**Work request**
List, from the lines below, each one with "ereal" in it.

Collected data entries:
######

lemma le_limsup_mean_of_sparse_blocks:
  fixes u :: "nat \<Rightarrow> real"
  assumes bound: "\<And>j. c - M \<le> u j" and "0 \<le> M"
    and blocks: "\<And>n. len n * c \<le> (\<Sum>i<len n. u (a n + i))"
    and sparse: "\<And>n. Suc n * a n \<le> len n"
    and pos: "\<And>n. 0 < len n" and disjoint: "\<And>n. a n + len n \<le> a (Suc n)"
  shows "ereal c \<le> limsup (\<lambda>k. ereal ((\<Sum>j<k. u j) / k))"
proof -
  define t where "t n = a n + len n" for n
  have "t n < t (Suc n)" for n
    using pos[of "Suc n"] disjoint[of n] by (simp add: t_def)
  then have "strict_mono t"
    by (simp add: strict_mono_Suc_iff)
  have mean_ge: "c - M / Suc n \<le> (\<Sum>j<t n. u j) / t n" for n
  proof -
    have "(\<Sum>j<a n. c - M) \<le> (\<Sum>j<a n. u j)"
      by (intro sum_mono bound)
    then have "t n * c - a n * M \<le> (\<Sum>j<t n. u j)"
      using blocks[of n] unfolding t_def sum_lessThan_add by (simp add: algebra_simps)
    moreover have "real (Suc n) * a n \<le> t n"
      using sparse[of n] unfolding t_def by (metis of_nat_le_iff of_nat_mult trans_le_add2)
    then have "a n \<le> t n / Suc n"
      by (simp add: pos_le_divide_eq mult.commute)
    then have "a n * M \<le> t n * (M / Suc n)"
      using mult_right_mono[OF _ \<open>0 \<le> M\<close>] by fastforce
    ultimately have "t n * (c - M / Suc n) \<le> (\<Sum>j<t n. u j)"
      by (simp add: algebra_simps)
    moreover have "0 < t n"
      using pos by (simp add: t_def add_pos_pos)
    ultimately show ?thesis
      by (simp add: pos_le_divide_eq mult.commute)
  qed
  have "(\<lambda>n. M / Suc n) \<longlonglongrightarrow> 0"
    using LIMSEQ_Suc[OF lim_const_over_n[of M]] by simp
  then have "(\<lambda>n. ereal (c - M / Suc n)) \<longlonglongrightarrow> ereal c"
    using tendsto_diff[OF tendsto_const, of _ 0 sequentially c] by simp
  then have "ereal c = limsup (\<lambda>n. ereal (c - M / Suc n))"
    by (intro lim_imp_Limsup[symmetric]) simp_all
  also have "\<dots> \<le> limsup ((\<lambda>k. ereal ((\<Sum>j<k. u j) / k)) \<circ> t)"
    using mean_ge by (intro Limsup_mono always_eventually) simp
  also have "\<dots> \<le> limsup (\<lambda>k. ereal ((\<Sum>j<k. u j) / k))"
    using \<open>strict_mono t\<close> by (rule limsup_subseq_mono)
  finally show ?thesis .
qed

lemma sparse_block_sequence:
  assumes "\<exists>\<^sub>F k in sequentially. \<exists>z. Q k z"
  obtains a len :: "nat \<Rightarrow> nat" and zs
  where "\<And>n. Q (len n) (zs n)" "\<And>n. a (Suc n) = a n + len n + D" "\<And>n. Suc n * Suc (a n) \<le> len n"
proof -
  have "\<forall>N. \<exists>k\<ge>N. \<exists>z. Q k z"
    using assms unfolding frequently_sequentially .
  then obtain kk where "\<And>N. N \<le> kk N \<and> (\<exists>z. Q (kk N) z)"
    by metis
  then obtain zz where kk: "\<And>N. N \<le> kk N \<and> Q (kk N) (zz N)"
    by metis
  define a where "a = rec_nat 0 (\<lambda>n an. an + kk (Suc n * Suc an) + D)"
  define len where "len n = kk (Suc n * Suc (a n))" for n
  show thesis
    by (rule that[of len "\<lambda>n. zz (Suc n * Suc (a n))" a]) (simp_all add: kk a_def len_def)
qed

lemma specification_property_nat:
  assumes "specification_property X T" "0 < \<eta>"
  obtains D :: nat where "\<And>n xs a b. (\<And>i. i < n \<Longrightarrow> xs i \<in> X \<and> a i \<le> b i)
    \<Longrightarrow> (\<And>i. Suc i < n \<Longrightarrow> b i + D \<le> a (Suc i))
    \<Longrightarrow> \<exists>x\<in>X. \<forall>i<n. \<forall>j\<in>{a i..b i}. dist ((T ^^ j) x) ((T ^^ j) (xs i)) < \<eta>"
proof -
  obtain D0 :: nat where D0: "\<forall>n xs (a :: nat \<Rightarrow> int) b.
      ((\<forall>i<n. xs i \<in> X \<and> a i \<le> b i) \<and> (\<forall>i. Suc i < n \<longrightarrow> b i < a (Suc i) \<and> a (Suc i) - b i \<ge> int D0))
      \<longrightarrow> (\<exists>x\<in>X. \<forall>i<n. \<forall>j\<in>{a i..b i}. dist (ziter X T j x) (ziter X T j (xs i)) < \<eta>)"
    using assms unfolding specification_property_def by blast
  show thesis
  proof (rule that[of "Suc D0"])
    fix n xs and a b :: "nat \<Rightarrow> nat"
    assume "\<And>i. i < n \<Longrightarrow> xs i \<in> X \<and> a i \<le> b i" and "\<And>i. Suc i < n \<Longrightarrow> b i + Suc D0 \<le> a (Suc i)"
    then have "\<exists>x\<in>X. \<forall>i<n. \<forall>j\<in>{int (a i)..int (b i)}. dist (ziter X T j x) (ziter X T j (xs i)) < \<eta>"
      by (intro D0[rule_format]) force
    then obtain x where "x \<in> X"
      and x: "\<And>i j. i < n \<Longrightarrow> j \<in> {int (a i)..int (b i)} \<Longrightarrow> dist (ziter X T j x) (ziter X T j (xs i)) < \<eta>"
      by blast
    have "dist ((T ^^ j) x) ((T ^^ j) (xs i)) < \<eta>" if "i < n" "j \<in> {a i..b i}" for i j
      using x[OF that(1), of "int j"] that(2) by (simp add: ziter_def)
    with \<open>x \<in> X\<close> show "\<exists>x\<in>X. \<forall>i<n. \<forall>j\<in>{a i..b i}. dist ((T ^^ j) x) ((T ^^ j) (xs i)) < \<eta>"
      by blast
  qed
qed

lemma specification_property_infinite:
  assumes "compact X" "continuous_on X T" "T ` X \<subseteq> X" "specification_property X T" "0 < \<eta>"
  obtains D :: nat where "\<And>xs a b. (\<And>i. xs i \<in> X \<and> a i \<le> b i \<and> b i + D \<le> a (Suc i))
    \<Longrightarrow> \<exists>x\<in>X. \<forall>i. \<forall>j\<in>{a i..b i}. dist ((T ^^ j) x) ((T ^^ j) (xs i)) \<le> \<eta>"
proof -
  obtain D where D: "\<And>n xs a b. (\<And>i. i < n \<Longrightarrow> xs i \<in> X \<and> a i \<le> b i)
    \<Longrightarrow> (\<And>i. Suc i < n \<Longrightarrow> b i + D \<le> a (Suc i))
    \<Longrightarrow> \<exists>x\<in>X. \<forall>i<n. \<forall>j\<in>{a i..b i}. dist ((T ^^ j) x) ((T ^^ j) (xs i)) < \<eta>"
    using specification_property_nat[OF assms(4,5)] by blast
  show thesis
  proof (rule that)
    fix xs a b
    assume blocks: "\<And>i. xs i \<in> X \<and> a i \<le> b i \<and> b i + D \<le> a (Suc i)"
    define C where "C i = X \<inter> (\<Inter>j\<in>{a i..b i}. X \<inter> (T ^^ j) -` cball ((T ^^ j) (xs i)) \<eta>)" for i
    have "X \<inter> (\<Inter>i\<in>UNIV. C i) \<noteq> {}"
    proof (rule compact_imp_fip_image[OF assms(1)])
      have "closed X"
        using assms(1) by (rule compact_imp_closed)
      then show "closed (C i)" for i
        unfolding C_def using continuous_on_funpow[OF assms(2,3)]
        by (intro closed_Int closed_INT ballI continuous_closed_preimage closed_cball)
    next
      fix I :: "nat set"
      assume "finite I"
      then obtain N where "I \<subseteq> {..<N}"
        using finite_nat_bounded by blast
      obtain x where "x \<in> X" and "\<forall>i<N. \<forall>j\<in>{a i..b i}. dist ((T ^^ j) x) ((T ^^ j) (xs i)) < \<eta>"
        using D[of N xs a b] blocks by blast
      with \<open>I \<subseteq> {..<N}\<close> have "x \<in> X \<inter> (\<Inter>i\<in>I. C i)"
        by (fastforce simp: C_def dist_commute)
      then show "X \<inter> (\<Inter>i\<in>I. C i) \<noteq> {}"
        by blast
    qed
    then obtain x where "x \<in> X" and "\<And>i. x \<in> C i"
      by blast
    then have "dist ((T ^^ j) x) ((T ^^ j) (xs i)) \<le> \<eta>" if "j \<in> {a i..b i}" for i j
      using that unfolding C_def by (fastforce simp: dist_commute)
    with \<open>x \<in> X\<close> show "\<exists>x\<in>X. \<forall>i. \<forall>j\<in>{a i..b i}. dist ((T ^^ j) x) ((T ^^ j) (xs i)) \<le> \<eta>"
      by blast
  qed
qed

lemma uniformly_continuous_on_Times_fst:
  fixes f :: "'a::metric_space \<times> 'b::metric_space \<Rightarrow> 'c::metric_space"
  assumes "uniformly_continuous_on (A \<times> B) f" "0 < e"
  obtains d where "0 < d" "\<And>a a' b. a \<in> A \<Longrightarrow> a' \<in> A \<Longrightarrow> b \<in> B \<Longrightarrow> dist a a' < d
    \<Longrightarrow> dist (f (a, b)) (f (a', b)) < e"
proof -
  obtain d where "0 < d" and d: "\<forall>p\<in>A \<times> B. \<forall>p'\<in>A \<times> B. dist p' p < d \<longrightarrow> dist (f p') (f p) < e"
    using assms unfolding uniformly_continuous_on_def by blast
  show thesis
    using d by (intro that[OF \<open>0 < d\<close>]) (simp add: dist_Pair_Pair)
qed

lemma tdsD:
  assumes "tds X T"
  shows "compact X" "continuous_on X T" "T ` X = X"
  using assms unfolding tds_def homeomorphism_def by auto

lemma tds_orbit_bound:
  assumes "tds X T" "tds Y S" "continuous_on (X \<times> Y) f"
  obtains B :: real where "0 < B"
    "\<And>j x y. x \<in> X \<Longrightarrow> y \<in> Y \<Longrightarrow> \<bar>f ((T ^^ j) x, (S ^^ j) y)\<bar> \<le> B"
proof -
  have "bounded (f ` (X \<times> Y))"
    using assms(3) tdsD(1)[OF assms(1)] tdsD(1)[OF assms(2)]
    by (intro compact_imp_bounded compact_continuous_image compact_Times)
  then obtain B where "0 < B" and B: "\<And>p. p \<in> X \<times> Y \<Longrightarrow> \<bar>f p\<bar> \<le> B"
    unfolding bounded_pos by auto
  have "((T ^^ j) x, (S ^^ j) y) \<in> X \<times> Y" if "x \<in> X" "y \<in> Y" for j x y
    using that funpow_in_invariant[of T X] funpow_in_invariant[of S Y] tdsD(3)[OF assms(1)] tdsD(3)[OF assms(2)]
    by simp
  with \<open>0 < B\<close> B show thesis
    by (blast intro: that)
qed

lemma specification_block_sums:
  fixes X :: "'a::metric_space set" and Y :: "'b::metric_space set" and f :: "'a \<times> 'b \<Rightarrow> real"
  assumes "tds X T" "compact Y" "S ` Y \<subseteq> Y" "continuous_on (X \<times> Y) f"
    and "specification_property X T" "0 < e"
  obtains D :: nat where "\<And>a len xs. (\<And>n. xs n \<in> X \<and> a n + len n + D \<le> a (Suc n))
    \<Longrightarrow> \<exists>x\<in>X. \<forall>y\<in>Y. \<forall>n. \<bar>(\<Sum>i<len n. f ((T ^^ (a n + i)) x, (S ^^ (a n + i)) y))
                        - len n * avg T S f (len n) (xs n) ((S ^^ a n) y)\<bar> \<le> len n * e"
proof -
  note X = tdsD[OF assms(1)]
  have "uniformly_continuous_on (X \<times> Y) f"
    using assms(2,4) X(1) by (simp add: compact_Times compact_uniformly_continuous)
  then obtain d where "0 < d" and d: "\<And>x x' y. x \<in> X \<Longrightarrow> x' \<in> X \<Longrightarrow> y \<in> Y \<Longrightarrow> dist x x' < d
      \<Longrightarrow> dist (f (x, y)) (f (x', y)) < e"
    using uniformly_continuous_on_Times_fst \<open>0 < e\<close> by blast
  obtain D where D: "\<And>xs a b. (\<And>i. xs i \<in> X \<and> a i \<le> b i \<and> b i + D \<le> a (Suc i))
      \<Longrightarrow> \<exists>x\<in>X. \<forall>i. \<forall>j\<in>{a i..b i}. dist ((T ^^ j) x) ((T ^^ j) (xs i)) \<le> d / 2"
    using specification_property_infinite[OF X(1,2) _ assms(5), of "d / 2"] X(3) \<open>0 < d\<close> by auto
  show thesis
  proof (rule that)
    fix a len xs
    assume blocks: "\<And>n. xs n \<in> X \<and> a n + len n + D \<le> a (Suc n)"
    have inv_X: "inv_into X T ` X \<subseteq> X"
      using X(3) by (auto intro: inv_into_into)
    \<comment> \<open>Pull the block-start points back so that their orbits pass through them at time a n.\<close>
    define xs' where "xs' n = (inv_into X T ^^ a n) (xs n)" for n
    have "xs' n \<in> X" for n
      unfolding xs'_def using blocks inv_X by (blast intro: funpow_in_invariant)
    with blocks obtain x where "x \<in> X"
      and trace: "\<And>n j. j \<in> {a n..a n + len n} \<Longrightarrow> dist ((T ^^ j) x) ((T ^^ j) (xs' n)) \<le> d / 2"
      using D[of xs' a "\<lambda>n. a n + len n"] by fastforce
    have "\<bar>(\<Sum>i<len n. f ((T ^^ (a n + i)) x, (S ^^ (a n + i)) y))
          - len n * avg T S f (len n) (xs n) ((S ^^ a n) y)\<bar> \<le> len n * e" if "y \<in> Y" for y n
      unfolding mult_avg_eq_sum
    proof (rule abs_sum_diff_le)
      fix i
      assume "i < len n"
      have "(T ^^ (a n + i)) (xs' n) = (T ^^ i) (xs n)"
        using funpow_inv_into_cancel[OF X(3)] blocks
        by (simp add: xs'_def add.commute[of "a n"] funpow_add)
      moreover have "(S ^^ (a n + i)) y = (S ^^ i) ((S ^^ a n) y)"
        by (simp add: add.commute[of "a n"] funpow_add)
      moreover have "dist ((T ^^ (a n + i)) x) ((T ^^ (a n + i)) (xs' n)) < d"
        using trace[of "a n + i" n] \<open>i < len n\<close> \<open>0 < d\<close> by simp
      ultimately show "\<bar>f ((T ^^ (a n + i)) x, (S ^^ (a n + i)) y)
          - f ((T ^^ i) (xs n), (S ^^ i) ((S ^^ a n) y))\<bar> \<le> e"
        using d[of "(T ^^ (a n + i)) x" "(T ^^ i) (xs n)" "(S ^^ i) ((S ^^ a n) y)"]
          funpow_in_invariant[of T X] funpow_in_invariant[OF assms(3)] X(3) \<open>x \<in> X\<close> blocks \<open>y \<in> Y\<close>
        by (simp add: dist_real_def)
    qed
    with \<open>x \<in> X\<close> show "\<exists>x\<in>X. \<forall>y\<in>Y. \<forall>n. \<bar>(\<Sum>i<len n. f ((T ^^ (a n + i)) x, (S ^^ (a n + i)) y))
                        - len n * avg T S f (len n) (xs n) ((S ^^ a n) y)\<bar> \<le> len n * e"
      by blast
  qed
qed

lemma specification_block_sums_snd:
  fixes X :: "'a::metric_space set" and Y :: "'b::metric_space set" and f :: "'a \<times> 'b \<Rightarrow> real"
  assumes "compact X" "T ` X \<subseteq> X" "tds Y S" "continuous_on (X \<times> Y) f"
    and "specification_property Y S" "0 < e"
  obtains D :: nat where "\<And>a len ys. (\<And>n. ys n \<in> Y \<and> a n + len n + D \<le> a (Suc n))
    \<Longrightarrow> \<exists>y\<in>Y. \<forall>x\<in>X. \<forall>n. \<bar>(\<Sum>i<len n. f ((T ^^ (a n + i)) x, (S ^^ (a n + i)) y))
                        - len n * avg T S f (len n) ((T ^^ a n) x) (ys n)\<bar> \<le> len n * e"
proof -
  have swap_cont: "continuous_on (Y \<times> X) (\<lambda>(y, x). f (x, y))"
    using continuous_on_swap_args[of X Y "\<lambda>x y. f (x, y)"] assms(4) by simp
  obtain D where D: "\<And>a len ys. (\<And>n. ys n \<in> Y \<and> a n + len n + D \<le> a (Suc n))
    \<Longrightarrow> \<exists>y\<in>Y. \<forall>x\<in>X. \<forall>n. \<bar>(\<Sum>i<len n. f ((T ^^ (a n + i)) x, (S ^^ (a n + i)) y))
         - len n * avg S T (\<lambda>(y, x). f (x, y)) (len n) (ys n) ((T ^^ a n) x)\<bar> \<le> len n * e"
    using specification_block_sums[OF assms(3,1,2) swap_cont assms(5,6)] by simp blast
  have "avg S T (\<lambda>(y, x). f (x, y)) k y x = avg T S f k x y" for k x y
    by (simp add: avg_def)
  with D show thesis
    by (intro that) auto
qed
(* Let $f:[0,1]\times\mathbb{R}\rightarrow\mathbb{R}$ be continuous and assume there exists $\varphi\in\Phi$ such that: (K1) $0\leq f(t,b)-f(t,a)\leq9\sqrt{3}\,\varphi(b-a)$ for all $t\in[0,1]$ and all $a,b\in\mathbb{R}$ with $a\leq b$; (K2) there exists $x_{0}\in C([0,1])$ such that $x_{0}(t)\leq\int_{0}^{1}G(t,s)f(s,x_{0}(s))\,\mathrm{d}s$ for all $t\in[0,1]$. Then the boundary value problem \[ x'''(t)+f(t,x(t))=0,\ t\in(0,1),\qquad x(0)=x(1)=x''(0)=0 \] has a unique solution.
   Context: $C([0,1])$ denotes real continuous functions on $[0,1]$. $G(t,s)=\frac12(1-t)(t-s^2)$ for $0\leq s\leq t\leq1$ and $G(t,s)=\frac12 t(1-s)^2$ for $0\leq t\leq s\leq1$. $\Phi$ is the set of all nondecreasing functions $\varphi:[0,+\infty)\rightarrow[0,+\infty)$ such that for every $\varepsilon>0$ there exists $\delta(\varepsilon)>0$ with $\varepsilon\leq t<\varepsilon+\delta(\varepsilon)\Rightarrow\varphi(t)<\varepsilon$. *)

theory Defs
  imports "HOL-Analysis.Analysis"
begin

definition G :: "real \<Rightarrow> real \<Rightarrow> real" where
  "G t s = (if s \<le> t then (1/2) * (1 - t) * (t - s^2) else (1/2) * t * (1 - s)^2)"

definition Phi :: "(real \<Rightarrow> real) set" where
  "Phi = {\<phi>. mono_on {0..} \<phi> \<and> (\<forall>t\<ge>0. \<phi> t \<ge> 0) \<and>
     (\<forall>\<epsilon>>0. \<exists>\<delta>>0. \<forall>t. \<epsilon> \<le> t \<and> t < \<epsilon> + \<delta> \<longrightarrow> \<phi> t < \<epsilon>)}"

definition is_bvp_solution :: "(real \<Rightarrow> real \<Rightarrow> real) \<Rightarrow> (real \<Rightarrow> real) \<Rightarrow> bool" where
  "is_bvp_solution f x \<longleftrightarrow>
     continuous_on {0..1} x \<and>
     (\<exists>x1 x2 x3.
        (\<forall>t\<in>{0..1}. (x has_real_derivative x1 t) (at t within {0..1})) \<and>
        (\<forall>t\<in>{0..1}. (x1 has_real_derivative x2 t) (at t within {0..1})) \<and>
        (\<forall>t\<in>{0<..<1}. (x2 has_real_derivative x3 t) (at t)) \<and>
        (\<forall>t\<in>{0<..<1}. x3 t + f t (x t) = 0) \<and>
        x 0 = 0 \<and> x 1 = 0 \<and> x2 0 = 0)"

end

theory Submission
  imports Defs
begin

text \<open>Solutions of the boundary value problem are exactly the continuous fixed points of
  \<open>(A x)(t) = \<integral>\<^sub>0\<^sup>1 G(t,s) f(s,x(s)) ds\<close>. Since \<open>G \<ge> 0\<close> and
  \<open>\<integral>\<^sub>0\<^sup>1 G(t,s) ds = (t - t\<^sup>3)/6 \<le> 1/(9\<surd>3)\<close>, the bound in (K1) gives
  \<open>\<parallel>A x - A y\<parallel>\<^sub>\<infinity> \<le> \<phi>(\<parallel>x - y\<parallel>\<^sub>\<infinity>)\<close>, and the Meir--Keeler condition defining \<open>\<Phi>\<close>
  suffices for Banach's argument: the Picard iterates form a Cauchy sequence.\<close>

lemma Phi_less:
  assumes "\<phi> \<in> Phi" and "t > 0"
  shows "\<phi> t < t"
proof -
  obtain \<delta> where "\<delta> > 0" and "\<forall>s. t \<le> s \<and> s < t + \<delta> \<longrightarrow> \<phi> s < t"
    using assms unfolding Phi_def by blast
  then show ?thesis by auto
qed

######

**Task solution**
  shows "ereal c \<le> limsup (\<lambda>k. ereal ((\<Sum>j<k. u j) / k))"
  then have "(\<lambda>n. ereal (c - M / Suc n)) \<longlonglongrightarrow> ereal c"
  then have "ereal c = limsup (\<lambda>n. ereal (c - M / Suc n))"
  also have "\<dots> \<le> limsup ((\<lambda>k. ereal ((\<Sum>j<k. u j) / k)) \<circ> t)"
  also have "\<dots> \<le> limsup (\<lambda>k. ereal ((\<Sum>j<k. u j) / k))"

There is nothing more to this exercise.